In a relatively quiet week for economic data, except for the UK, we suggested that politics may trump economics. Today, the Canadian dollar is the weakest of the major currencies, losing about 0.5%, while the Mexican peso is the poorest performer among emerging market currencies, losing closer to 1%. The move began last week. Over the past five sessions, the Mexican peso is the weakest currency in the world, losing 2.2% against the US dollar. The Canadian dollar is up 0.1% over the past five sessions that make it the worst of the major currencies.  

The key consideration is NAFTA negotiations. Recall that US President Trump initially threatened to withdraw but was persuaded to negotiate a reformed deal. He preference for bilateral agreements over multilateral agreements seemed an issue of principle.  

There are two ways to read the US demands. The first is from the perspective of “The Art of the Deal” where strong demands are made to forces a favorable compromise. The second is that making unreasonably onerous demands may force a collapse of the agreement that the US President has called among the worst in history. The domestic content proposal and the sunset provisions, as well as other positions, do not seem acceptable to Mexico and Canada at this juncture. The US Chamber of Commerce has come out critical of the White House position.  

Earlier in the negotiations, it seemed like Canada was willing to sacrifice Mexico if needed to preserve a bilateral free-trade agreement with the US. However, some disputes have arisen or intensified, including lumber, dairy, steel, and airplanes, in the US-Canada trade relationship. The Trump Administration is also continuing to threaten to allow the government to shut down in December unless Congress authorizes funding for the controversial wall with Mexico. A collapse of NAFTA would see trade relations revert to WTO rules. Canada and Mexico officials have indicated that they are keen on a bilateral free-trade agreement. 

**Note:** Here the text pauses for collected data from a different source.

(* For integers $n\ge1$ and $0\le t\le 3$, let $I_2(n;\xi^t)$ be the number of monic irreducible polynomials $f\in\mathbb{F}_2[x]$ of degree $n$ whose two leading coefficients $([x^{n-1}]f,[x^{n-2}]f)$ equal $(0,0),(1,0),(0,1),(1,1)$ for $t=0,1,2,3$ respectively. Then \begin{align*} I_2(n;\xi^t) &=\frac{[\![t=0]\!]}{n} \sum_{k\mid n}[\![4\mid k]\!]\, \mu(k)2^{n/k} +\frac{[\![2\mid t]\!]}{n} \sum_{k\mid n}[\![4\mid k-2]\!]\, \mu(k)2^{(n/k)-1}\\ &\quad+\frac{1}{n}\sum_{k\mid n}[\![4\mid k-1]\!]\, \mu(k)\left(2^{(n/k)-2}-(-1)^{n/k}2^{(n/2k)-1}\cos\left(\frac{(n/k)-2t}{4}\pi\right)\right)\\ &\quad+\frac{1}{n}\sum_{k\mid n}[\![4\mid k+1]\!]\, \mu(k)\left(2^{(n/k)-2}-(-1)^{n/k}2^{(n/2k)-1}\cos\left(\frac{(n/k)+2t}{4}\pi\right)\right), \end{align*} where the sums are over positive divisors $k$ of $n$.
   Context: Coefficients $[x^{m}]f$ with $m<0$ are taken to be $0$ (so for $n=1$ the condition concerns only $[x^{0}]$ and $[x^{-1}]f=0$). The labeling corresponds to the class of $(x+1)^t$ in the group of polynomials modulo agreement of the two leading coefficients. $\mu$ is the Möbius function and $[\![P]\!]$ is $1$ if $P$ is true and $0$ otherwise. *)

theory Defs
  imports Complex_Main "HOL-Library.Z2" "HOL-Computational_Algebra.Polynomial"
    "HOL-Computational_Algebra.Squarefree" "HOL-Computational_Algebra.Primes"
begin

definition icoeff :: "'a::zero poly \<Rightarrow> int \<Rightarrow> 'a" where
  "icoeff f m = (if m < 0 then 0 else coeff f (nat m))"

definition moebius :: "nat \<Rightarrow> int" where
  "moebius k = (if squarefree k then (-1) ^ card (prime_factors k) else 0)"

definition iv :: "bool \<Rightarrow> real" where
  "iv P = (if P then 1 else 0)"

definition I2 :: "nat \<Rightarrow> bit \<Rightarrow> bit \<Rightarrow> nat" where
  "I2 n a b = card {f :: bit poly. degree f = n \<and> lead_coeff f = 1 \<and> irreducible f
      \<and> icoeff f (int n - 1) = a \<and> icoeff f (int n - 2) = b}"

end

theory Submission
  imports Defs "HOL-Computational_Algebra.Polynomial_Factorial" "HOL-Computational_Algebra.Field_as_Ring"
begin

text \<open>Reversing a nonzero \<open>f\<close> and reducing modulo \<open>x\<^sup>3\<close> is a homomorphism onto the cyclic group
  \<open>(\<bbbF>\<^sub>2[x]/x\<^sup>3)\<^sup>\<times>\<close> of order 4 generated by \<open>\<xi> = 1 + x\<close>; the image of \<open>f\<close> is read off its two
  leading coefficients. Orthogonality of the four characters \<open>\<chi>\<^sub>j(\<xi>) = \<i>\<^sup>j\<close> reduces the count to the
  sums \<open>G\<^sub>j(n)\<close> of \<open>\<chi>\<^sub>j\<close> over irreducibles of degree \<open>n\<close>. For \<open>j \<noteq> 0\<close> the sum of \<open>\<chi>\<^sub>j\<close> over monic
  polynomials of degree \<open>d \<ge> 2\<close> vanishes, because adding suitable lower terms multiplies the class by
  \<open>\<xi>\<close>; so the \<open>L\<close>-function \<open>\<Sum>\<^sub>f \<chi>\<^sub>j(f) u\<^sup>d\<^sup>e\<^sup>g \<^sup>f\<close> is \<open>1 + (1 + \<i>\<^sup>j) u\<close>, and \<open>1/(1 - 2u)\<close> for \<open>j = 0\<close>.
  Comparing its logarithmic derivative with the Euler product evaluates the prime power sums
  \<open>\<Sum>\<^sub>d\<^sub>|\<^sub>m d G\<^sub>j\<^sub>m\<^sub>/\<^sub>d(d)\<close>, Moebius inversion recovers \<open>n G\<^sub>j(n)\<close>, and \<open>1 \<plusminus> \<i> = \<surd>2 e\<^sup>\<plusminus>\<^sup>i\<^sup>\<pi>\<^sup>/\<^sup>4\<close>
  produces the cosines.\<close>

lemma irreducible_degree_pos: "irreducible (p :: 'a::field poly) \<Longrightarrow> 0 < degree p"
  by (metis irreducible_def is_unit_iff_degree neq0_conv)

lemma degree_eq_sum_prime_factors:
  fixes f :: "'a::field_gcd poly"
  assumes "f \<noteq> 0"
  shows "degree f = (\<Sum>P\<in>prime_factors f. multiplicity P f * degree P)"
proof -
  have "degree f = degree (\<Prod>P\<in>prime_factors f. P ^ multiplicity P f)"
    using prod_prime_factors [OF assms] assms
    by (simp add: antisym dvd_imp_degree_le)
  also have "\<dots> = (\<Sum>P\<in>prime_factors f. degree (P ^ multiplicity P f))"
    by (rule degree_prod_sum_eq) auto
  also have "\<dots> = (\<Sum>P\<in>prime_factors f. multiplicity P f * degree P)"
    by (intro sum.cong refl) (auto simp: degree_power_eq dest!: in_prime_factors_imp_prime)
  finally show ?thesis .
qed

lemma degree_eq_sum_prime_power_divisors:
  fixes f :: "'a::field_gcd poly"
  assumes "f \<noteq> 0"
  shows "degree f = (\<Sum>(P, k)\<in>{(P, k). prime P \<and> 1 \<le> k \<and> P ^ k dvd f}. degree P)"
proof -
  have "{(P, k). prime P \<and> 1 \<le> k \<and> P ^ k dvd f} = Sigma (prime_factors f) (\<lambda>P. {1..multiplicity P f})"
    using assms by (auto simp: in_prime_factors_iff power_dvd_iff_le_multiplicity
        intro: dvd_trans [OF dvd_power])
  then show ?thesis
    by (simp add: sum.Sigma [symmetric] degree_eq_sum_prime_factors [OF assms])
qed

lemma polys_degree_less_eq_image_Poly:
  assumes "0 < n"
  shows "{p :: 'a::zero poly. degree p < n} = Poly ` {xs. length xs = n}"
proof (intro set_eqI iffI)
  fix p :: "'a poly"
  assume "p \<in> {p. degree p < n}"
  then have "p = Poly (map (coeff p) [0..<n])"
    by (intro poly_eqI) (auto simp: nth_default_def coeff_eq_0)
  then show "p \<in> Poly ` {xs. length xs = n}"
    by auto
next
  fix p :: "'a poly"
  assume "p \<in> Poly ` {xs. length xs = n}"
  then obtain xs where "length xs = n" "p = Poly xs"
    by auto
  moreover have "degree (Poly xs) \<le> length xs - 1"
    by (rule degree_le) (auto simp: nth_default_def)
  ultimately show "p \<in> {p. degree p < n}"
    using assms by auto
qed

lemma inj_on_Poly_length: "inj_on Poly {xs :: 'a::zero list. length xs = n}"
proof (rule inj_onI)
  fix xs ys :: "'a list"
  assume lengths: "xs \<in> {xs. length xs = n}" "ys \<in> {xs. length xs = n}"
    and eq: "Poly xs = Poly ys"
  have "xs ! i = ys ! i" if "i < n" for i
  proof -
    have "nth_default 0 xs i = nth_default 0 ys i"
      by (metis eq coeff_Poly_eq)
    with that lengths show ?thesis
      by (simp add: nth_default_def)
  qed
  with lengths show "xs = ys"
    by (auto intro: nth_equalityI)
qed

lemma finite_polys_degree_less:
  assumes "finite (UNIV :: 'a::zero set)"
  shows "finite {p :: 'a poly. degree p < n}"
  using finite_lists_length_eq [OF assms, of n]
  by (cases "n = 0") (simp_all add: polys_degree_less_eq_image_Poly)

lemma card_polys_degree_less:
  assumes "finite (UNIV :: 'a::zero set)" "0 < n"
  shows "card {p :: 'a poly. degree p < n} = card (UNIV :: 'a set) ^ n"
  using card_lists_length_eq [OF assms(1), of n] assms(2)
  by (simp add: polys_degree_less_eq_image_Poly card_image [OF inj_on_Poly_length])

lemma coeff_1_2_mult:
  fixes p q :: "'a::comm_semiring_1 poly"
  assumes "coeff p 0 = 1" "coeff q 0 = 1"
  shows "coeff (p * q) 1 = coeff p 1 + coeff q 1"
    and "coeff (p * q) 2 = coeff p 2 + coeff p 1 * coeff q 1 + coeff q 2"
  using assms by (simp_all add: coeff_mult numeral_2_eq_2 atMost_Suc add.assoc)

lemma power_i_mod_4: "\<i> ^ n = \<i> ^ (n mod 4)"
proof -
  have "\<i> ^ n = \<i> ^ (n mod 4) * (\<i> ^ 4) ^ (n div 4)"
    by (metis mod_mult_div_eq power_add power_mult)
  also have "\<i> ^ 4 = 1"
    by (simp add: numeral_eq_Suc)
  finally show ?thesis
    by simp
qed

In any event, the US dollar had fallen against the Canadian dollar from May (almost CAD1.38) to September (nearly CAD1.2020) amid a weaker greenback, and on the signal and delivery of two Bank of Canada rate hikes. As it became clearer that the Bank of Canada was largely interested in taking back the two cuts in 2015, and was not intending an aggressive tightening cycle, and the US dollar recovered more broadly as a December Fed hike seemed more likely, greenback recovered. Bank of Canada Governor Poloz appears to recognize the risks posed by NAFTA negotiations, and this seems to reinforce the cautious stance on monetary policy.  

From early September through early October, the US dollar rose 4.7% against the Canadian dollar. It backed off a little last week but began climbing on the NAFTA developments in the second half of last week. The recent high near CAD1.26 is the immediate target, but beyond that is the CAD1.2725 area, which the 38.2% retracement of the decline since May and the $1.2780 area, the high from August.